Consider the following factors when selecting compute (server) hardware:

* Server density
   A measure of how many servers can fit into a given measure of
   physical space, such as a rack unit [U].

* Resource capacity
   The number of CPU cores, how much RAM, or how much storage a given
   server delivers.

* Expandability
   The number of additional resources you can add to a server before it
   reaches capacity.

* Cost
   The relative cost of the hardware weighed against the level of
   design effort needed to build the system.
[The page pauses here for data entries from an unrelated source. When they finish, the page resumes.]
lemma poly_flat_exp_has_deriv:
  "(poly_flat_exp p has_real_derivative poly_flat_exp ([:0, 0, 1:] * (p - pderiv p)) x) (at x)"
proof (cases rule: linorder_cases[of x 0])
  case less
  have "((\<lambda>x. 0) has_real_derivative poly_flat_exp ([:0, 0, 1:] * (p - pderiv p)) x) (at x)"
    using less by (simp add: poly_flat_exp_def)
  then show ?thesis
    by (rule has_field_derivative_transform_within_open[where S="{..<0}"])
      (use less in \<open>auto simp: poly_flat_exp_def\<close>)
next
  case equal
  then show ?thesis using poly_flat_exp_has_deriv_0 by (simp add: poly_flat_exp_def)
next
  case greater
  have "((\<lambda>x. poly p (inverse x) * exp (- inverse x)) has_real_derivative
      poly (pderiv p) (inverse x) * (- inverse (x * x)) * exp (- inverse x) +
      poly p (inverse x) * (exp (- inverse x) * inverse (x * x))) (at x)"
    using greater
    by (auto intro!: derivative_eq_intros DERIV_chain2[where f="poly p"] poly_DERIV
        simp: power2_eq_square)
  moreover have "poly (pderiv p) (inverse x) * (- inverse (x * x)) * exp (- inverse x) +
      poly p (inverse x) * (exp (- inverse x) * inverse (x * x))
      = poly_flat_exp ([:0, 0, 1:] * (p - pderiv p)) x"
    using greater by (simp add: poly_flat_exp_def algebra_simps power2_eq_square)
  ultimately have "((\<lambda>x. poly p (inverse x) * exp (- inverse x)) has_real_derivative
      poly_flat_exp ([:0, 0, 1:] * (p - pderiv p)) x) (at x)"
    by simp
  then show ?thesis
    by (rule has_field_derivative_transform_within_open[where S="{0<..}"])
      (use greater in \<open>auto simp: poly_flat_exp_def\<close>)
qed

lemma smooth_real_poly_flat_exp: "smooth_real (poly_flat_exp p)"
proof -
  have "times_differentiable k (poly_flat_exp p)" for k
  proof (induction k arbitrary: p)
    case (Suc k)
    have "deriv (poly_flat_exp p) = poly_flat_exp ([:0, 0, 1:] * (p - pderiv p))"
      by (intro ext DERIV_imp_deriv poly_flat_exp_has_deriv)
    moreover have "poly_flat_exp p field_differentiable at x" for x
      by (meson field_differentiable_def poly_flat_exp_has_deriv)
    ultimately show ?case using Suc by simp
  qed simp
  then show ?thesis by (simp add: smooth_real_def)
qed

lemma smooth_real_flat_exp: "smooth_real flat_exp"
proof -
  have "poly_flat_exp 1 = flat_exp" by (simp add: fun_eq_iff flat_exp_def poly_flat_exp_def)
  then show ?thesis by (metis smooth_real_poly_flat_exp)
qed

lemma flat_exp_nonneg: "flat_exp x \<ge> 0"
  by (simp add: flat_exp_def)

definition smooth_step :: "real \<Rightarrow> real" where
  "smooth_step s = flat_exp (s - 1) / (flat_exp (s - 1) + flat_exp (2 - s))"

lemma smooth_step_denominator_pos: "flat_exp (s - 1) + flat_exp (2 - s) > 0"
  using flat_exp_nonneg[of "s - 1"] flat_exp_nonneg[of "2 - s"]
  by (cases "s > 1") (auto simp: flat_exp_def add_pos_nonneg add_nonneg_pos)

lemma smooth_real_smooth_step: "smooth_real smooth_step"
proof -
  have "smooth_real (\<lambda>s. flat_exp (1 * s + -1))" "smooth_real (\<lambda>s. flat_exp ((-1) * s + 2))"
    by (intro smooth_real_affine smooth_real_flat_exp)+
  then have "smooth_real (\<lambda>s. flat_exp (s - 1))" "smooth_real (\<lambda>s. flat_exp (2 - s))"
    by simp_all
  moreover have "\<forall>s. flat_exp (s - 1) + flat_exp (2 - s) \<noteq> 0"
    using smooth_step_denominator_pos by (metis less_irrefl)
  ultimately show ?thesis
    unfolding smooth_step_def[abs_def] divide_inverse
    by (intro smooth_real_mult smooth_real_inverse smooth_real_add)
qed

lemma smooth_step_eq_0: "s \<le> 1 \<Longrightarrow> smooth_step s = 0"
  by (simp add: smooth_step_def flat_exp_def)

lemma smooth_step_eq_1: "s \<ge> 2 \<Longrightarrow> smooth_step s = 1"
  using smooth_step_denominator_pos[of s] by (simp add: smooth_step_def flat_exp_def)

lemma smooth_step_nonneg: "smooth_step s \<ge> 0"
  using smooth_step_denominator_pos[of s] by (simp add: smooth_step_def flat_exp_nonneg)

lemma smooth_step_le_1: "smooth_step s \<le> 1"
  using smooth_step_denominator_pos[of s] flat_exp_nonneg[of "2 - s"]
  by (simp add: smooth_step_def field_simps)

lemma smooth_step_derivs_eq_0:
  assumes "s < 1 \<or> s > 2"
  shows "deriv smooth_step s = 0" "deriv (deriv smooth_step) s = 0"
proof -
  have "\<exists>A c. open A \<and> s \<in> A \<and> (\<forall>y\<in>A. smooth_step y = c)"
  proof (cases "s < 1")
    case True then show ?thesis
      by (intro exI[of _ "{..<1}"] exI[of _ 0]) (auto simp: smooth_step_eq_0)
  next
    case False then show ?thesis using assms
      by (intro exI[of _ "{2<..}"] exI[of _ 1]) (auto simp: smooth_step_eq_1)
  qed
  then show "deriv smooth_step s = 0" "deriv (deriv smooth_step) s = 0"
    using deriv_locally_constant by metis+
qed

lemma smooth_step_derivs_weighted_bound:
  obtains M where "M \<ge> 0"
    "\<And>s. s \<ge> 0 \<Longrightarrow> \<bar>deriv smooth_step s\<bar> * s \<le> M"
    "\<And>s. s \<ge> 0 \<Longrightarrow> \<bar>deriv (deriv smooth_step) s\<bar> * s\<^sup>2 \<le> M"
proof -
  obtain B1 where B1: "\<And>s. s \<in> {0..2} \<Longrightarrow> \<bar>deriv smooth_step s\<bar> \<le> B1"
    using continuous_on_compact_bound[OF compact_Icc
        smooth_real_continuous_on[OF smooth_real_deriv[OF smooth_real_smooth_step]]]
    by (metis real_norm_def)
  obtain B2 where B2: "\<And>s. s \<in> {0..2} \<Longrightarrow> \<bar>deriv (deriv smooth_step) s\<bar> \<le> B2"
    using continuous_on_compact_bound[OF compact_Icc smooth_real_continuous_on[OF
          smooth_real_deriv[OF smooth_real_deriv[OF smooth_real_smooth_step]]]]
    by (metis real_norm_def)
  have "0 \<le> B1" "0 \<le> B2" using B1[of 0] B2[of 0] by auto
  show thesis
  proof (rule that[of "2 * B1 + 4 * B2"])
    show "0 \<le> 2 * B1 + 4 * B2" using \<open>0 \<le> B1\<close> \<open>0 \<le> B2\<close> by simp
    fix s :: real assume "s \<ge> 0"
    show "\<bar>deriv smooth_step s\<bar> * s \<le> 2 * B1 + 4 * B2"
    proof (cases "s \<le> 2")
      case True
      then have "\<bar>deriv smooth_step s\<bar> * s \<le> B1 * 2"
        using B1 \<open>s \<ge> 0\<close> \<open>0 \<le> B1\<close> by (intro mult_mono) auto
      then show ?thesis using \<open>0 \<le> B2\<close> by simp
    qed (use smooth_step_derivs_eq_0 \<open>0 \<le> B1\<close> \<open>0 \<le> B2\<close> in auto)
    show "\<bar>deriv (deriv smooth_step) s\<bar> * s\<^sup>2 \<le> 2 * B1 + 4 * B2"
    proof (cases "s \<le> 2")
      case True
      then have "s\<^sup>2 \<le> 2\<^sup>2" using \<open>s \<ge> 0\<close> by (intro power_mono) auto
      then have "\<bar>deriv (deriv smooth_step) s\<bar> * s\<^sup>2 \<le> B2 * 4"
        using B2 True \<open>s \<ge> 0\<close> \<open>0 \<le> B2\<close> by (intro mult_mono) auto
      then show ?thesis using \<open>0 \<le> B1\<close> by simp
    qed (use smooth_step_derivs_eq_0 \<open>0 \<le> B1\<close> \<open>0 \<le> B2\<close> in auto)
  qed
qed

lemma deriv_smooth_step_scaled:
  "deriv (\<lambda>x. smooth_step (n * x)) x = n * deriv smooth_step (n * x)"
  "deriv (deriv (\<lambda>x. smooth_step (n * x))) x = n * (n * deriv (deriv smooth_step) (n * x))"
proof -
  note step = smooth_real_smooth_step smooth_real_deriv[OF smooth_real_smooth_step]
  have "smooth_real (\<lambda>x. deriv smooth_step (n * x))"
    using smooth_real_affine[OF step(2), of n 0] by simp
  moreover have "deriv (\<lambda>x. smooth_step (n * x)) = (\<lambda>x. n * deriv smooth_step (n * x))"
    using step by (simp add: fun_eq_iff deriv_compose_linear smooth_real_field_differentiable)
  ultimately show "deriv (\<lambda>x. smooth_step (n * x)) x = n * deriv smooth_step (n * x)"
    "deriv (deriv (\<lambda>x. smooth_step (n * x))) x = n * (n * deriv (deriv smooth_step) (n * x))"
    using step by (simp_all add: deriv_compose_linear smooth_real_field_differentiable)
qed

lemma smooth_step_scaled_weighted_bound:
  obtains M where "M \<ge> 0"
    "\<And>n t. n > 0 \<Longrightarrow> t \<ge> 0 \<Longrightarrow> \<bar>deriv (\<lambda>x. smooth_step (n * x)) t\<bar> * t \<le> M"
    "\<And>n t. n > 0 \<Longrightarrow> t \<ge> 0 \<Longrightarrow> \<bar>deriv (deriv (\<lambda>x. smooth_step (n * x))) t\<bar> * t\<^sup>2 \<le> M"
proof -
  obtain M where M: "M \<ge> 0"
    "\<And>s. s \<ge> 0 \<Longrightarrow> \<bar>deriv smooth_step s\<bar> * s \<le> M"
    "\<And>s. s \<ge> 0 \<Longrightarrow> \<bar>deriv (deriv smooth_step) s\<bar> * s\<^sup>2 \<le> M"
    by (rule smooth_step_derivs_weighted_bound) blast
  show thesis
  proof (rule that[OF M(1)])
    fix n t :: real assume "n > 0" "t \<ge> 0"
    then have "n * t \<ge> 0" by simp
    from M(2)[OF this] M(3)[OF this] \<open>n > 0\<close>
    show "\<bar>deriv (\<lambda>x. smooth_step (n * x)) t\<bar> * t \<le> M"
      "\<bar>deriv (deriv (\<lambda>x. smooth_step (n * x))) t\<bar> * t\<^sup>2 \<le> M"
      unfolding deriv_smooth_step_scaled
      by (simp_all add: abs_mult power_mult_distrib power2_eq_square mult_ac)
  qed
qed

definition plateau :: "real \<Rightarrow> real \<Rightarrow> real" where
  "plateau n t = smooth_step (n * t) * smooth_step (n * (1 - t))"

lemma smooth_real_plateau: "smooth_real (plateau n)"
proof -
  have "smooth_real (\<lambda>t. smooth_step (n * t + 0))" "smooth_real (\<lambda>t. smooth_step ((-n) * t + n))"
    by (intro smooth_real_affine smooth_real_smooth_step)+
  then show ?thesis
    unfolding plateau_def[abs_def] by (intro smooth_real_mult) (simp_all add: algebra_simps)
qed

lemma plateau_nonneg: "plateau n t \<ge> 0"
  by (simp add: plateau_def smooth_step_nonneg)

lemma plateau_le_1: "plateau n t \<le> 1"
  unfolding plateau_def by (intro mult_le_one smooth_step_le_1 smooth_step_nonneg)

lemma plateau_eq_0: "n > 0 \<Longrightarrow> t \<le> 1 / n \<or> t \<ge> 1 - 1 / n \<Longrightarrow> plateau n t = 0"
  by (auto simp: plateau_def smooth_step_eq_0 field_simps)

lemma plateau_eq_1_nearby:
  assumes "n * t > 2" "n * (1 - t) > 2"
  shows "plateau n t = 1" "deriv (plateau n) t = 0" "deriv (deriv (plateau n)) t = 0"
proof -
  have "n > 0" using assms by (smt (verit) mult_le_0_iff)
  have one: "plateau n s = 1" if "s \<in> {2 / n <..< 1 - 2 / n}" for s
    using that \<open>n > 0\<close> by (auto simp: plateau_def smooth_step_eq_1 field_simps)
  have "t \<in> {2 / n <..< 1 - 2 / n}" using assms \<open>n > 0\<close> by (auto simp: field_simps)
  then show "plateau n t = 1" "deriv (plateau n) t = 0" "deriv (deriv (plateau n)) t = 0"
    using one deriv_locally_constant[OF open_greaterThanLessThan _ one] by auto
qed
Weigh these considerations against each other to determine the best
design for the desired purpose. For example, increasing server density
means sacrificing resource capacity or expandability.  Increasing resource
capacity and expandability can increase cost but decrease server density.
Decreasing cost often means decreasing supportability, server density,
resource capacity, and expandability.

Compute capacity (CPU cores and RAM capacity) is a secondary
consideration for selecting server hardware. The required
server hardware must supply adequate CPU sockets, additional CPU cores,
and more RAM; network connectivity and storage capacity are not as
critical. The hardware needs to provide enough network connectivity and
storage capacity to meet the user requirements.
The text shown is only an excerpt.